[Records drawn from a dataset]
lemma Qsp_Lmod_Gamma0_3:
  "Qsp (Lmod 0 (-1) (Gamma0 3)) = span3 (\<lambda>(x1, x2). exp (- x2)) (\<lambda>(x1, x2). x1 * exp (- x2)) (\<lambda>_. 1)"
    (is "_ = ?span")
proof -
  have Q: "u \<in> Qsp (Lmod 0 (-1) (Gamma0 3)) \<longleftrightarrow> smooth2 u \<and> (\<forall>x. pd 1 (pd 1 u) x = 0
      \<and> pd 1 (pd 2 u) x = - pd 1 u x \<and> pd 2 (pd 1 u) x = - pd 1 u x \<and> pd 2 (pd 2 u) x = - pd 2 u x)" for u
    by (simp add: Gamma0_def Lmod_GammaA Qsp_flat_GammaA flat_GammaA_iff)
  have span: "?span = span3 (\<lambda>x. exp (- snd x)) (\<lambda>x. fst x * exp (- snd x)) (\<lambda>_. 1)"
    by (simp only: case_prod_beta')
  have pd_span:
    "pd 1 (\<lambda>x. a * exp (- snd x) + b * (fst x * exp (- snd x)) + c * 1)
      = (\<lambda>x. b * exp (- snd x) + 0 * (fst x * exp (- snd x)) + 0 * 1)"
    "pd 2 (\<lambda>x. a * exp (- snd x) + b * (fst x * exp (- snd x)) + c * 1)
      = (\<lambda>x. - a * exp (- snd x) + - b * (fst x * exp (- snd x)) + 0 * 1)"
    for a b c
    by (simp_all add: fun_eq_iff pd_simps derivative_intros)
  show ?thesis
  proof (intro equalityI subsetI)
    fix u assume "u \<in> Qsp (Lmod 0 (-1) (Gamma0 3))"
    then have "smooth2 u" and hess: "\<And>x. pd 1 (pd 1 u) x = 0" "\<And>x. pd 1 (pd 2 u) x = - pd 1 u x"
      "\<And>x. pd 2 (pd 1 u) x = - pd 1 u x" "\<And>x. pd 2 (pd 2 u) x = - pd 2 u x"
      unfolding Q by auto
    note diff = smooth2_differentiable[OF \<open>smooth2 u\<close>]
    have "\<exists>K. \<forall>x. pd 1 u x = K * exp (- snd x)"
      by (rule eq_const_mult_exp_if_pd) (use diff hess in \<open>auto simp: pd_simps derivative_intros\<close>)
    then obtain K where K: "\<And>x. pd 1 u x = K * exp (- snd x)" by blast
    have "\<exists>M. \<forall>x. pd 2 u x + K * (fst x * exp (- snd x)) = M * exp (- snd x)"
      by (rule eq_const_mult_exp_if_pd)
        (use diff hess K in \<open>auto simp: pd_simps derivative_intros algebra_simps\<close>)
    then obtain M where "\<And>x. pd 2 u x + K * (fst x * exp (- snd x)) = M * exp (- snd x)" by blast
    then have M: "\<And>x. pd 2 u x = M * exp (- snd x) - K * (fst x * exp (- snd x))"
      by (metis eq_diff_eq)
    have "\<exists>B. \<forall>x. u x - K * (fst x * exp (- snd x)) + M * exp (- snd x) = B"
      by (rule constant_if_pd_eq_0) (use diff K M in \<open>auto simp: pd_simps derivative_intros\<close>)
    then obtain B where "\<And>x. u x - K * (fst x * exp (- snd x)) + M * exp (- snd x) = B" by blast
    then have "u = (\<lambda>x. - M * exp (- snd x) + K * (fst x * exp (- snd x)) + B * 1)"
      by (auto simp: fun_eq_iff algebra_simps)
    then show "u \<in> ?span"
      unfolding span unfolding span3_def by blast
  next
    fix u assume "u \<in> ?span"
    then obtain a b c where u: "u = (\<lambda>x. a * exp (- snd x) + b * (fst x * exp (- snd x)) + c * 1)"
      unfolding span unfolding span3_def by blast
    have "smooth2 u"
      using \<open>u \<in> ?span\<close> unfolding span
      by (rule smooth2_span3, unfold pd_span span3_def) (blast | simp add: derivative_intros)+
    then show "u \<in> Qsp (Lmod 0 (-1) (Gamma0 3))"
      unfolding Q u unfolding pd_span by simp
  qed
qed

lemma sum_idx: "(\<Sum>k\<in>idx. F k) = F 1 + (F 2 :: real)"
  by (simp add: idx_def)

lemma ball_idx: "(\<forall>k\<in>idx. P k) \<longleftrightarrow> P 1 \<and> P 2"
  by (simp add: idx_def)

definition mat2 :: "real \<Rightarrow> real \<Rightarrow> real \<Rightarrow> real \<Rightarrow> nat \<Rightarrow> nat \<Rightarrow> real" where
  "mat2 p q r s a i = (if a = 1 then if i = 1 then p else q else if i = 1 then r else s)"

lemma intertwines_Lmod_Gamma0_1:
  "intertwines (\<lambda>(x1, x2). (x2, - x1)) (Lmod (-1) 0 (Gamma0 1)) (Gamma0 3)"
  unfolding intertwines_def Gamma0_def
  by (rule exI[of _ "mat2 0 1 (-1) 0"])
    (simp add: Lmod_GammaA mat2_def sum_idx ball_idx GammaA_def)

lemma intertwines_Lmod_Gamma0_2_x1:
  "intertwines (\<lambda>(x1, x2). (- x1, x1 + x2)) (Lmod 1 0 (Gamma0 2)) (Gamma0 2)"
  unfolding intertwines_def Gamma0_def
  by (rule exI[of _ "mat2 (-1) 0 1 1"])
    (simp add: Lmod_GammaA mat2_def sum_idx ball_idx GammaA_def)

lemma intertwines_Lmod_Gamma0_2_x2:
  "intertwines (\<lambda>(x1, x2). (x2, - x1 - x2)) (Lmod 0 (-1) (Gamma0 2)) (Gamma0 2)"
  unfolding intertwines_def Gamma0_def
  by (rule exI[of _ "mat2 0 1 (-1) (-1)"])
    (simp add: Lmod_GammaA mat2_def sum_idx ball_idx GammaA_def)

■ Instructions for the task: Output only the lines from the top of the entries through the one holding "(Gamma0 3)) \<longleftrightarrow>", copied exactly.

■ Your solution:
lemma Qsp_Lmod_Gamma0_3:
  "Qsp (Lmod 0 (-1) (Gamma0 3)) = span3 (\<lambda>(x1, x2). exp (- x2)) (\<lambda>(x1, x2). x1 * exp (- x2)) (\<lambda>_. 1)"
    (is "_ = ?span")
proof -
  have Q: "u \<in> Qsp (Lmod 0 (-1) (Gamma0 3)) \<longleftrightarrow> smooth2 u \<and> (\<forall>x. pd 1 (pd 1 u) x = 0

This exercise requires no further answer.